As more and more schools debate replacing Darwinism with Creationism, Inherit the Wind is timely again, almost eight decades after the Scopes Monkey Trial that inspired it, Mr. Stern says. These are issues we thought would be gone by now.
Playing the titans of the courtroom who battled (literally to the death) in one of the first trials of the century will be two Playhouse favorites, Joneal Joplin and Philip Pleasants, on stage together for the first time.
Mr. Hatcher collaborates with the creators of Dreamgirls and Side Show on Everything's Ducky, a wacky, quacky tale set to a pop score. Playhouse and St. Louis will both have a small share in the show for playing a role in its development.
Cowboys and vampires come together for a showdown in fable- and movie-loving Mr. Glover's Dark Paradise. It brings a beautiful heroine, a town sheriff, Wyatt Earp and Doc Holliday for a ghoulish gunfight that's more High Midnight than High Noon. This is Mr. Glover's second Rosenthal New Play Prize. He won for In Walks Ed in1997.
Art, funny, intelligent play by Yasmina Reza, is about art and friendship. After a rich physician buys a new painting by a hot French artist, the reactions of his friends make for hilarious comedy.
It's been 20 years since that romantic comedy Talley's Folly won the Pulitzer Prize. The play, about a Jewish man wooing a hesitant, WASP spinster on the edge of a lake in 1944 Missouri, has had a healthy life in community theater for years (as has Shelterhouse closer Irma Vep.) Mr. Stern believes both deserve a professional re-visiting.
The Shelterhouse season will offer a double look at Romeo and Juliet with a pair of contemporary, wildly different takes on the classic.
The Shelterhouse season opens with the bold Shakespeare's R&J, with its conceit that four bored prep school boys, with all their teen-age energy, decide to act out the play.

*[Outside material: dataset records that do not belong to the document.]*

lemma FPF_outcome_eq_iff:
  assumes "\<pi> \<in> Ham E n"
  shows "p \<in> FPF E n \<and> outcome E n p = \<pi> \<longleftrightarrow>
    length p = n \<and> set p \<subseteq> {1..n} \<and> parking E n p n = Some (ham_state \<pi> n)"
proof
  assume p: "p \<in> FPF E n \<and> outcome E n p = \<pi>"
  then obtain st where st: "parking E n p n = Some st"
    unfolding FPF_def by auto
  have "st = ham_state \<pi> n"
  proof
    fix k
    show "st k = ham_state \<pi> n k"
    proof (cases "1 \<le> k \<and> k \<le> n")
      case True
      then have "st k = Some (the (st k))"
        using parking_dom_eq[OF st] by (metis atLeastAtMost_iff domIff option.collapse)
      moreover have "k - 1 < n"
        using True by linarith
      then have "the (st k) = \<pi> ! (k - 1)"
        using outcome_nth[OF st, of "k - 1"] p True by simp
      ultimately show ?thesis
        using True ham_state_complete[OF assms] by simp
    next
      case False
      then show ?thesis
        using parking_dom_eq[OF st] ham_state_complete[OF assms] by auto
    qed
  qed
  then show "length p = n \<and> set p \<subseteq> {1..n} \<and> parking E n p n = Some (ham_state \<pi> n)"
    using p st unfolding FPF_def by auto
next
  assume p: "length p = n \<and> set p \<subseteq> {1..n} \<and> parking E n p n = Some (ham_state \<pi> n)"
  have "outcome E n p = \<pi>"
    using HamD(1)[OF assms] length_outcome outcome_nth[OF p[THEN conjunct2, THEN conjunct2]]
      ham_state_complete[OF assms] by (intro nth_equalityI) auto
  then show "p \<in> FPF E n \<and> outcome E n p = \<pi>"
    using p unfolding FPF_def by auto
qed

lemma card_FPF_outcome_eq:
  assumes "symp E" "\<pi> \<in> Ham E n"
  shows "card {p \<in> FPF E n. outcome E n p = \<pi>} = (\<Prod>i\<in>{1..n}. blen E \<pi> i)"
proof -
  note \<pi> = HamD[OF assms(2)]
  have spots: "blocking_spots E \<pi> (Suc i) \<subseteq> {1..n}" if "i < n" for i
    using pos_less_length[OF \<pi>(2), of "Suc i"] nth_pos[OF \<pi>(2), of "Suc i"] \<pi>(1,3) that blen_le[of E \<pi> "Suc i"]
    by (auto simp: blocking_spots_def)
  have "p \<in> FPF E n \<and> outcome E n p = \<pi> \<longleftrightarrow>
      length p = n \<and> (\<forall>i<n. p ! i \<in> blocking_spots E \<pi> (Suc i))" for p
  proof
    assume "p \<in> FPF E n \<and> outcome E n p = \<pi>"
    then have p: "length p = n" "set p \<subseteq> {1..n}" "parking E n p n = Some (ham_state \<pi> n)"
      using FPF_outcome_eq_iff[OF assms(2)] by blast+
    moreover have "\<forall>i<n. 1 \<le> p ! i"
      using p(1,2) nth_mem by fastforce
    ultimately show "length p = n \<and> (\<forall>i<n. p ! i \<in> blocking_spots E \<pi> (Suc i))"
      using parking_eq_ham_state_iff[OF assms, of n p] by simp
  next
    assume p: "length p = n \<and> (\<forall>i<n. p ! i \<in> blocking_spots E \<pi> (Suc i))"
    then have "\<forall>i<n. p ! i \<in> {1..n}"
      using spots by blast
    then have "set p \<subseteq> {1..n}" "parking E n p n = Some (ham_state \<pi> n)"
      using parking_eq_ham_state_iff[OF assms, of n p] p by (auto simp: set_conv_nth)
    then show "p \<in> FPF E n \<and> outcome E n p = \<pi>"
      using FPF_outcome_eq_iff[OF assms(2)] p by blast
  qed
  then have "{p \<in> FPF E n. outcome E n p = \<pi>} =
      {p. length p = n \<and> (\<forall>i<n. p ! i \<in> blocking_spots E \<pi> (Suc i))}"
    by blast
  also have "card \<dots> = (\<Prod>i<n. blen E \<pi> (Suc i))"
    by (simp add: card_lists_nth_mem finite_blocking_spots card_blocking_spots)
  also have "\<dots> = (\<Prod>i\<in>{1..n}. blen E \<pi> i)"
    by (simp add: prod.atLeast1_atMost_eq)
  finally show ?thesis .
qed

It doesn't take much to trace Avenue X back to the Bard. The a capella musical is set in 1963 Brooklyn where the feuding factions are the Italians of Bensonhurst and the African-Americans of Coney Island housing projects. Gospel, early rock, blues, jazz, folk, doo-wop and more carry the story along.
Playhouse will celebrate the holiday season with the off-Broadway hit I Love You, You're Perfect, Now Change, all about the mating game.
Patrick Marber's London hit Closer is also about mating, but it's uncompromising in its exploration of love, desire, sex and the life and death of modern relationships.
Charles Ludlam's wild Gothic send-up The Mystery of Irma Vep plays out on a dark and stormy night in a spooky house on the moors. Tongues firmly in cheek, a pair of actors take on all the roles in a frenzy of quick changes.